NumPy arrays with Cython

  • Cython supports fast indexing for NumPy arrays
  • Type and dimensions of array have to be declared
import numpy as np    # normal NumPy import
cimport numpy as cnp  # import for NumPY C-API

def func(): # declarations can be made only in function scope
    cdef cnp.ndarray[cnp.int_t, ndim=2] data
    data = np.empty((N, N), dtype=int)

    ...

    for i in range(N):
        for j in range(N):
            data[i,j] = ... # double loop is done in nearly C speed

Compiler directives

  • Compiler directives can be used for turning of certain Python features for additional performance
    • boundscheck (False) : assume no IndexErrors
    • wraparound (False): no negative indexing
    • ...
import numpy as np    # normal NumPy import
cimport numpy as cnp  # import for NumPY C-API

import cython

@cython.boundscheck(False)
def func(): # declarations can be made only in function scope
    cdef cnp.ndarray[cnp.int_t, ndim=2] data
    data = np.empty((N, N), dtype=int)

Final performance

  • Pure Python: 5.5 s
  • Static type declarations: 100 ms
  • Kernel as C function: 69 ms
  • Fast indexing and directives: 15 ms

Where to add types?

  • Typing everything reduces readibility and can even slow down the performance
  • Profiling should be first step when optimising
  • Cython is able to provide annotated HTML-report
  • Lines are colored according to the level of "typedness"
    • white lines translate to pure C
    • lines that require the Python C-API are yellow (darker as they translate to more C-API interaction)
$ cython -a cython_module.pyx
$ firefox cython_module.html

HTML-report

{.center width=80%}

Profiling Cython code

  • By default, Cython code does not show up in profile produced by cProfile
  • Profiling can be enabled for entire source file or on per function basis
# cython: profile=True
import cython

@cython.profile(False)
cdef func():
    ...
# cython: profile=False
import cython

@cython.profile(True)
cdef func():
    ...

Summary

  • Cython is optimising static compiler for Python
  • Possible to add type declarations with Cython language
  • Fast indexing for NumPy arrays
  • At best cases, huge speed ups can be obtained
    • Some compromise for Python flexibility

Further functionality in Cython

  • Using C structs and C++ classes in Cython
  • Exceptions handling
  • Parallelisation (threading) with Cython
  • ...

Interfacing external libraries {.section}

Increasing performance with compiled code

  • There are Python interfaces for many high performance libraries
  • However, sometimes one might want to utilize a library without Python interface
    • Existing libraries
    • Own code written in C or Fortran
  • Python C-API provides the most comprehensive way to extend Python
  • CFFI, Cython, and f2py can provide easier approaches

CFFI

  • C Foreign Function Interface for Python
  • Interact with almost any C code
  • C-like declarations within Python
    • Can often be copy-pasted from headers / documentation
  • ABI and API modes
    • ABI does not require compilation
    • API can be faster and more robust
    • Only API discussed here
  • Some understanding of C required

Creating Python interface to C library

  • In API mode, CFFI is used for building a Python extension module that provides interface to the library
  • One needs to write a build script that specifies:
    • the library functions to be interfaced
    • name of the Python extension
    • instructions for compiling and linking
  • CFFI uses C compiler and creates the shared library
  • The extension module can then be used from Python code.

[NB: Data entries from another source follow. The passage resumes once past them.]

lemma implicit_level_curve:
  fixes \<psi> :: "real \<Rightarrow> real \<Rightarrow> real"
  assumes "\<psi> x0 y0 = 0" "c > 0" "r > 0" "B > 0"
    and cont: "\<And>x. \<bar>x - x0\<bar> \<le> r \<Longrightarrow> continuous_on {y0 - r..y0 + r} (\<psi> x)"
    and mono: "\<And>x y y'. \<bar>x - x0\<bar> \<le> r \<Longrightarrow> \<bar>y - y0\<bar> \<le> r \<Longrightarrow> \<bar>y' - y0\<bar> \<le> r \<Longrightarrow> y \<le> y' \<Longrightarrow>
      c * (y' - y) \<le> \<psi> x y' - \<psi> x y"
    and lipschitz: "\<And>x x' y. \<bar>x - x0\<bar> \<le> r \<Longrightarrow> \<bar>x' - x0\<bar> \<le> r \<Longrightarrow> \<bar>y - y0\<bar> \<le> r \<Longrightarrow>
      \<bar>\<psi> x' y - \<psi> x y\<bar> \<le> B * \<bar>x' - x\<bar>"
  obtains \<rho> \<gamma> where "\<rho> > 0" "\<rho> \<le> r" "continuous_on {x0 - \<rho>..x0 + \<rho>} \<gamma>"
    and "\<And>s. \<bar>s - x0\<bar> \<le> \<rho> \<Longrightarrow> \<bar>\<gamma> s - y0\<bar> \<le> r \<and> \<psi> s (\<gamma> s) = 0"
    and "\<And>s y. \<bar>s - x0\<bar> \<le> \<rho> \<Longrightarrow> \<bar>y - y0\<bar> \<le> r \<Longrightarrow> \<psi> s y = 0 \<Longrightarrow> y = \<gamma> s"
proof -
  define \<rho> where "\<rho> = min r (c * r / (2 * B))"
  have \<rho>: "\<rho> > 0" "\<rho> \<le> r" "B * \<rho> \<le> c * r / 2"
    using assms(2-4) mult_left_mono[of \<rho> "c * r / (2 * B)" B] by (auto simp: \<rho>_def)
  have sep: "c * \<bar>y' - y\<bar> \<le> \<bar>\<psi> x y' - \<psi> x y\<bar>"
    if "\<bar>x - x0\<bar> \<le> r" "\<bar>y - y0\<bar> \<le> r" "\<bar>y' - y0\<bar> \<le> r" for x y y'
    using mono[OF that] mono[OF that(1,3,2)] by (cases "y \<le> y'") (auto simp: abs_if)
  have unique: "y = y'" if "\<bar>x - x0\<bar> \<le> r" "\<bar>y - y0\<bar> \<le> r" "\<bar>y' - y0\<bar> \<le> r" "\<psi> x y = \<psi> x y'" for x y y'
    using sep[OF that(1-3)] that(4) \<open>c > 0\<close> by (simp add: mult_le_0_iff)
  have exists: "\<exists>y. \<bar>y - y0\<bar> \<le> r \<and> \<psi> s y = 0" if s: "\<bar>s - x0\<bar> \<le> \<rho>" for s
  proof -
    have s': "\<bar>s - x0\<bar> \<le> r" using s \<rho> by linarith
    have "B * \<bar>s - x0\<bar> \<le> c * r / 2"
      using mult_left_mono[OF s, of B] \<rho>(3) \<open>B > 0\<close> by linarith
    moreover have "c * r \<le> \<psi> x0 (y0 + r)" "c * r \<le> - \<psi> x0 (y0 - r)"
      using mono[of x0 y0 "y0 + r"] mono[of x0 "y0 - r" y0] \<open>\<psi> x0 y0 = 0\<close> \<open>r > 0\<close> by auto
    moreover have "\<bar>\<psi> s (y0 + r) - \<psi> x0 (y0 + r)\<bar> \<le> B * \<bar>s - x0\<bar>"
      "\<bar>\<psi> s (y0 - r) - \<psi> x0 (y0 - r)\<bar> \<le> B * \<bar>s - x0\<bar>"
      using lipschitz[of x0 s] s' \<open>r > 0\<close> by auto
    ultimately have "\<psi> s (y0 - r) \<le> 0" "0 \<le> \<psi> s (y0 + r)"
      using \<open>c > 0\<close> \<open>r > 0\<close> by (auto simp: abs_le_iff)
    with IVT'[of "\<psi> s" "y0 - r" 0 "y0 + r", OF _ _ _ cont[OF s']] \<open>r > 0\<close>
    obtain y where "y0 - r \<le> y" "y \<le> y0 + r" "\<psi> s y = 0"
      by auto
    then show ?thesis
      by (intro exI[of _ y]) (auto simp: abs_le_iff)
  qed
  define \<gamma> where "\<gamma> s = (THE y. \<bar>y - y0\<bar> \<le> r \<and> \<psi> s y = 0)" for s
  have \<gamma>: "\<bar>\<gamma> s - y0\<bar> \<le> r \<and> \<psi> s (\<gamma> s) = 0" if s: "\<bar>s - x0\<bar> \<le> \<rho>" for s
    unfolding \<gamma>_def
  proof (rule theI')
    show "\<exists>!y. \<bar>y - y0\<bar> \<le> r \<and> \<psi> s y = 0"
      using exists[OF s] unique[of s] s \<rho>(2) by (metis order_trans)
  qed
  have \<gamma>_unique: "y = \<gamma> s" if "\<bar>s - x0\<bar> \<le> \<rho>" "\<bar>y - y0\<bar> \<le> r" "\<psi> s y = 0" for s y
    using unique[of s y "\<gamma> s"] \<gamma>[OF that(1)] that \<rho>(2) by auto
  have "continuous_on {x0 - \<rho>..x0 + \<rho>} \<gamma>"
  proof (rule lipschitz_on_continuous_on[of "B / c"], rule lipschitz_onI)
    fix s s' assume "s \<in> {x0 - \<rho>..x0 + \<rho>}" "s' \<in> {x0 - \<rho>..x0 + \<rho>}"
    then have s: "\<bar>s - x0\<bar> \<le> \<rho>" "\<bar>s' - x0\<bar> \<le> \<rho>" by (auto simp: abs_le_iff)
    then have s': "\<bar>s - x0\<bar> \<le> r" "\<bar>s' - x0\<bar> \<le> r" using \<rho>(2) by linarith+
    have "c * \<bar>\<gamma> s - \<gamma> s'\<bar> \<le> \<bar>\<psi> s (\<gamma> s) - \<psi> s (\<gamma> s')\<bar>"
      using sep[of s "\<gamma> s'" "\<gamma> s"] \<gamma>[OF s(1)] \<gamma>[OF s(2)] s' by simp
    also have "\<dots> = \<bar>\<psi> s (\<gamma> s') - \<psi> s' (\<gamma> s')\<bar>"
      using \<gamma>[OF s(1)] \<gamma>[OF s(2)] by simp
    also have "\<dots> \<le> B * \<bar>s - s'\<bar>"
      using lipschitz[of s' s "\<gamma> s'"] s' \<gamma>[OF s(2)] by simp
    finally show "dist (\<gamma> s) (\<gamma> s') \<le> B / c * dist s s'"
      using \<open>c > 0\<close> by (simp add: dist_real_def field_simps)
  qed (use assms(2,4) in simp)
  with \<rho> \<gamma> \<gamma>_unique show ?thesis
    using that by blast
qed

Example: Python interface to C math library

from cffi import FFI
ffibuilder = FFI()

ffibuilder.cdef("""
    double sqrt(double x);  // list all the function prototypes from the
    double sin(double x);   // library that we want to use
                """)

ffibuilder.set_source("_my_math",  # name of the Python extension
"""
     #include <math.h>   // Some C source, often just include
""",
   library_dirs = [],  # location of library, not needed for C 
                       # C standard library 
   libraries = ['m']   # name of the library we want to interface
)

ffibuilder.compile(verbose=True)

Example: Python interface to C math library

  • Building the extension
python3 build_mymath.py
generating ./_mymath.c
running build_ext
building '_mymath' extension
...
gcc -pthread -shared -Wl,-z,relro -g ./_mymath.o -L/usr/lib64 -lm -lpython3.6m
-o ./_mymath.cpython-36m-x86_64-linux-gnu.so
  • Using the extension
from _mymath import lib

a = lib.sqrt(4.5)
b = lib.sin(1.2)
  • Python floats are automatically converted to C doubles and back

Passing NumPy arrays to C code

  • Only simple scalar numbers can be automatically converted Python objects and C types
  • In C, arrays are passed to functions as pointers
  • A "pointer" object to NumPy array can be obtained with cast and from_buffer functions

Passing NumPy arrays to C code

- C function adding two arrays
// c = a + b
void add(double *a, double *b, double *c, int n)
{
  for (int i=0; i<n; i++)
     c[i] = a[i] + b[i];
}
  • Can be built into extension add_module with CFFI
- Obtaining "pointers" in Python
from add_module import ffi, lib

a = np.random.random((1000000,1))
aptr = ffi.cast("double *", ffi.from_buffer(a))
...

lib.add(aptr, bptr, cptr, len(a))
  • "pointer" objects resemble C pointers and can result easily in Segmentation faults!

Summary

  • External libraries can be interfaced in various ways
  • CFFI provides easy interfacing to C libraries
    • System libraries and user libraries
    • Python can take care of some datatype conversions
    • "pointer" objects are needed for NumPy arrays